TRY IT: Find the lines below that include the word "rule" and state how many there are, adding nothing.

[Collected data]
┌──
lemma sum_card_orbits_Int:
  assumes "p permutes D" "finite D" "A \<subseteq> D"
  shows "(\<Sum>B\<in>orbit p ` D. card (B \<inter> A)) = card A"
proof -
  have perm: "permutation p"
    using assms(1,2) permutation_permutes by blast
  have "A = (\<Union>B\<in>orbit p ` D. B \<inter> A)"
    using assms(3) permutation_self_in_orbit[OF perm] by blast
  also have "card \<dots> = (\<Sum>B\<in>orbit p ` D. card (B \<inter> A))"
  proof (rule card_UN_disjoint)
    show "\<forall>B\<in>orbit p ` D. finite (B \<inter> A)"
      using assms(2,3) finite_subset by blast
    show "\<forall>B\<in>orbit p ` D. \<forall>B'\<in>orbit p ` D. B \<noteq> B' \<longrightarrow> B \<inter> A \<inter> (B' \<inter> A) = {}"
      by (auto dest: orbit_eq_if_in_orbit[OF perm])
  qed (use assms(2) in simp)
  finally show ?thesis by simp
qed

lemma card_orbit_eq_funpow_dist1:
  assumes "permutation p"
  shows "card (orbit p x) = funpow_dist1 p x x"
proof -
  have "x \<in> orbit p x" using assms by (rule permutation_self_in_orbit)
  then show ?thesis
    by (subst orbit_conv_funpow_dist1) (simp_all add: card_image inj_on_funpow_dist1)
qed

lemma orbit_of_card_3:
  assumes "permutation p" "card (orbit p x) = 3"
  shows "orbit p x = {x, p x, p (p x)}" "p (p (p x)) = x"
proof -
  have x: "x \<in> orbit p x" using assms(1) by (rule permutation_self_in_orbit)
  have dist: "funpow_dist1 p x x = 3"
    using assms card_orbit_eq_funpow_dist1 by metis
  have "orbit p x = (\<lambda>n. (p ^^ n) x) ` {0..<3}"
    using orbit_conv_funpow_dist1[OF x] dist by simp
  also have "{0..<3} = {0, 1, 2::nat}" by auto
  finally show "orbit p x = {x, p x, p (p x)}" by (simp add: numeral_2_eq_2)
  have "(p ^^ 3) x = x" using funpow_dist1_prop[OF x] dist by simp
  then show "p (p (p x)) = x" by (simp add: numeral_3_eq_3)
qed

lemma orbit_of_involution:
  assumes "f (f x) = x"
  shows "orbit f x = {x, f x}"
proof
  show "orbit f x \<subseteq> {x, f x}"
  proof
    fix y assume "y \<in> orbit f x"
    then show "y \<in> {x, f x}" by induct (use assms in auto)
  qed
  show "{x, f x} \<subseteq> orbit f x"
    using assms orbit.base[of f x] orbit.step[of "f x" f x] by auto
qed

locale combinatorial_map =
  fixes D :: "'d set" and \<alpha> \<sigma> :: "'d \<Rightarrow> 'd"
  assumes comb_map: "comb_map D \<alpha> \<sigma>"
begin

abbreviation \<phi> :: "'d \<Rightarrow> 'd" where "\<phi> \<equiv> \<sigma> \<circ> \<alpha>"

lemma finite_darts: "finite D"
  and alpha_permutes: "\<alpha> permutes D"
  and sigma_permutes: "\<sigma> permutes D"
  and alpha_fixfree: "d \<in> D \<Longrightarrow> \<alpha> d \<noteq> d"
  and alpha_alpha [simp]: "d \<in> D \<Longrightarrow> \<alpha> (\<alpha> d) = d"
  using comb_map by (auto simp: comb_map_def)

lemma phi_permutes: "\<phi> permutes D"
  using alpha_permutes sigma_permutes by (rule permutes_compose)

lemma permutation_sigma: "permutation \<sigma>"
  and permutation_phi: "permutation \<phi>"
  using finite_darts sigma_permutes phi_permutes permutation_permutes by blast+

lemma alpha_in_darts [simp]: "d \<in> D \<Longrightarrow> \<alpha> d \<in> D"
  and sigma_in_darts [simp]: "d \<in> D \<Longrightarrow> \<sigma> d \<in> D"
  using alpha_permutes sigma_permutes by (simp_all add: permutes_in_image)

lemma map_vertices_eq: "map_vertices D \<sigma> = orbit \<sigma> ` D"
  unfolding map_vertices_def morbit_eq_orbit[OF permutation_sigma] by blast

lemma map_edges_eq: "map_edges D \<alpha> = orbit \<alpha> ` D"
proof -
  have "map_edges D \<alpha> = (\<lambda>d. {d, \<alpha> d}) ` D"
    by (auto simp: map_edges_def map_edge_def)
  also have "\<dots> = orbit \<alpha> ` D"
    by (rule image_cong) (simp_all add: orbit_of_involution)
  finally show ?thesis .
qed

lemma map_faces_eq: "map_faces D \<alpha> \<sigma> = orbit \<phi> ` D"
  unfolding map_faces_def morbit_eq_orbit[OF permutation_phi] by blast

lemma card_darts_eq_card_edges: "card D = 2 * card (map_edges D \<alpha>)"
proof -
  have "card D = (\<Sum>E\<in>map_edges D \<alpha>. card (E \<inter> D))"
    unfolding map_edges_eq by (rule sum_card_orbits_Int[OF alpha_permutes finite_darts, symmetric]) simp
  also have "\<dots> = (\<Sum>E\<in>map_edges D \<alpha>. 2)"
    by (rule sum.cong) (auto simp: map_edges_eq orbit_of_involution alpha_fixfree[symmetric])
  finally show ?thesis by simp
qed

lemma finite_map_faces: "finite (map_faces D \<alpha> \<sigma>)"
  unfolding map_faces_eq using finite_darts by simp

lemma face_subset_darts: "F \<in> map_faces D \<alpha> \<sigma> \<Longrightarrow> F \<subseteq> D"
  unfolding map_faces_eq using permutes_orbit_subset[OF phi_permutes] by blast

lemma face_eq_orbit: "F \<in> map_faces D \<alpha> \<sigma> \<Longrightarrow> d \<in> F \<Longrightarrow> F = orbit \<phi> d"
  unfolding map_faces_eq using orbit_eq_if_in_orbit[OF permutation_phi] by blast

lemma face_nonempty: "F \<in> map_faces D \<alpha> \<sigma> \<Longrightarrow> F \<noteq> {}"
  by (auto simp: map_faces_eq orbit_nonempty)

lemma phi_in_face_iff: "F \<in> map_faces D \<alpha> \<sigma> \<Longrightarrow> \<phi> d \<in> F \<longleftrightarrow> d \<in> F"
  unfolding map_faces_eq
  using in_orbit_if_step_in_orbit[OF permutation_phi] orbit.step[of _ \<phi>] by blast

end

locale cubic_matched_map = combinatorial_map D \<alpha> \<sigma> for D :: "'d set" and \<alpha> \<sigma> +
  fixes M :: "'d set"
  assumes trivalent: "trivalent D \<sigma>"
    and matching: "perfect_matching D \<alpha> \<sigma> M"
begin

lemma matching_subset: "M \<subseteq> D"
  and alpha_matching: "d \<in> M \<Longrightarrow> \<alpha> d \<in> M"
  and card_vertex_Int_matching: "d \<in> D \<Longrightarrow> card (orbit \<sigma> d \<inter> M) = 1"
  using matching by (auto simp: perfect_matching_def morbit_eq_orbit[OF permutation_sigma])

lemma card_vertex: "d \<in> D \<Longrightarrow> card (orbit \<sigma> d) = 3"
  using trivalent by (simp add: trivalent_def morbit_eq_orbit[OF permutation_sigma])

lemma vertex_eq: "d \<in> D \<Longrightarrow> orbit \<sigma> d = {d, \<sigma> d, \<sigma> (\<sigma> d)}"
  and sigma_cube [simp]: "d \<in> D \<Longrightarrow> \<sigma> (\<sigma> (\<sigma> d)) = d"
  using orbit_of_card_3[OF permutation_sigma card_vertex] by blast+

lemma sigma_sigma_in_matching:
  "d \<in> D \<Longrightarrow> d \<notin> M \<Longrightarrow> \<sigma> d \<notin> M \<Longrightarrow> \<sigma> (\<sigma> d) \<in> M"
  using card_vertex_Int_matching[of d] vertex_eq[of d]
  by (auto simp: Int_insert_left split: if_splits)

lemma card_darts_eq_card_vertices: "card D = 3 * card (map_vertices D \<sigma>)"
proof -
  have "card D = (\<Sum>V\<in>map_vertices D \<sigma>. card (V \<inter> D))"
    unfolding map_vertices_eq by (rule sum_card_orbits_Int[OF sigma_permutes finite_darts, symmetric]) simp
  also have "\<dots> = (\<Sum>V\<in>map_vertices D \<sigma>. 3)"
    using permutes_orbit_subset[OF sigma_permutes]
    by (intro sum.cong) (auto simp: map_vertices_eq card_vertex Int_absorb2)
  finally show ?thesis by simp
qed

lemma card_matching_eq_card_vertices: "card M = card (map_vertices D \<sigma>)"
proof -
  have "card M = (\<Sum>V\<in>map_vertices D \<sigma>. card (V \<inter> M))"
    unfolding map_vertices_eq
    by (rule sum_card_orbits_Int[OF sigma_permutes finite_darts matching_subset, symmetric])
  also have "\<dots> = (\<Sum>V\<in>map_vertices D \<sigma>. 1)"
    by (intro sum.cong) (auto simp: map_vertices_eq card_vertex_Int_matching)
  finally show ?thesis by simp
qed

lemma card_faces_if_spherical:
  assumes "spherical_map D \<alpha> \<sigma>"
  shows "2 * card (map_faces D \<alpha> \<sigma>) = card M + 4"
  using assms card_darts_eq_card_edges card_darts_eq_card_vertices card_matching_eq_card_vertices
  unfolding spherical_map_def by linarith

lemma alpha_sigma_sigma_in_face:
  assumes "F \<in> map_faces D \<alpha> \<sigma>" "d \<in> F"
  shows "\<alpha> (\<sigma> (\<sigma> d)) \<in> F"
proof -
  have "d \<in> D" using assms face_subset_darts by blast
  then have "\<phi> (\<alpha> (\<sigma> (\<sigma> d))) = d" by simp
  with assms show ?thesis using phi_in_face_iff by metis
qed

text \<open>A face through \<open>d\<close> arrives at the vertex of \<open>d\<close> along the edge of \<open>\<sigma> (\<sigma> d)\<close> and leaves
along the edge of \<open>d\<close>, so \<open>d \<in> F\<close> is an unmatched corner iff the matching edge of that vertex
is not at this corner of \<open>F\<close>.\<close>

definition unmatched_corners :: "'d set" where
  "unmatched_corners = {d \<in> D. \<sigma> d \<in> M}"

lemma card_unmatched_corners: "card unmatched_corners = card M"
proof -
  have "\<sigma> ` unmatched_corners = M"
    using matching_subset permutes_image[OF sigma_permutes] by (auto simp: unmatched_corners_def)
  moreover have "inj_on \<sigma> unmatched_corners"
    using permutes_inj[OF sigma_permutes] inj_on_subset by blast
  ultimately show ?thesis using card_image by metis
qed

definition face_weight :: "'d set \<Rightarrow> nat" where
  "face_weight F = card (F \<inter> M) + card (F \<inter> unmatched_corners)"

lemma sum_face_weight: "(\<Sum>F\<in>map_faces D \<alpha> \<sigma>. face_weight F) = 2 * card M"
  using sum_card_orbits_Int[OF phi_permutes finite_darts matching_subset]
    sum_card_orbits_Int[OF phi_permutes finite_darts, of unmatched_corners] card_unmatched_corners
  by (simp add: face_weight_def sum.distrib map_faces_eq unmatched_corners_def)

lemma face_m_le: "F \<in> map_faces D \<alpha> \<sigma> \<Longrightarrow> face_m \<alpha> M F \<le> card (F \<inter> M)"
  and face_m_pos: "F \<in> map_faces D \<alpha> \<sigma> \<Longrightarrow> F \<inter> M \<noteq> {} \<Longrightarrow> 0 < face_m \<alpha> M F"
proof -
  assume F: "F \<in> map_faces D \<alpha> \<sigma>"
  have m: "face_m \<alpha> M F = card (map_edge \<alpha> ` (F \<inter> M))"
    unfolding face_m_def by (rule arg_cong[where f = card]) blast
  have "finite (F \<inter> M)"
    using F face_subset_darts finite_darts finite_subset by blast
  then show "face_m \<alpha> M F \<le> card (F \<inter> M)" "F \<inter> M \<noteq> {} \<Longrightarrow> 0 < face_m \<alpha> M F"
    unfolding m by (simp_all add: card_image_le card_gt_0_iff)
qed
└──
WRITTEN ANSWER: 10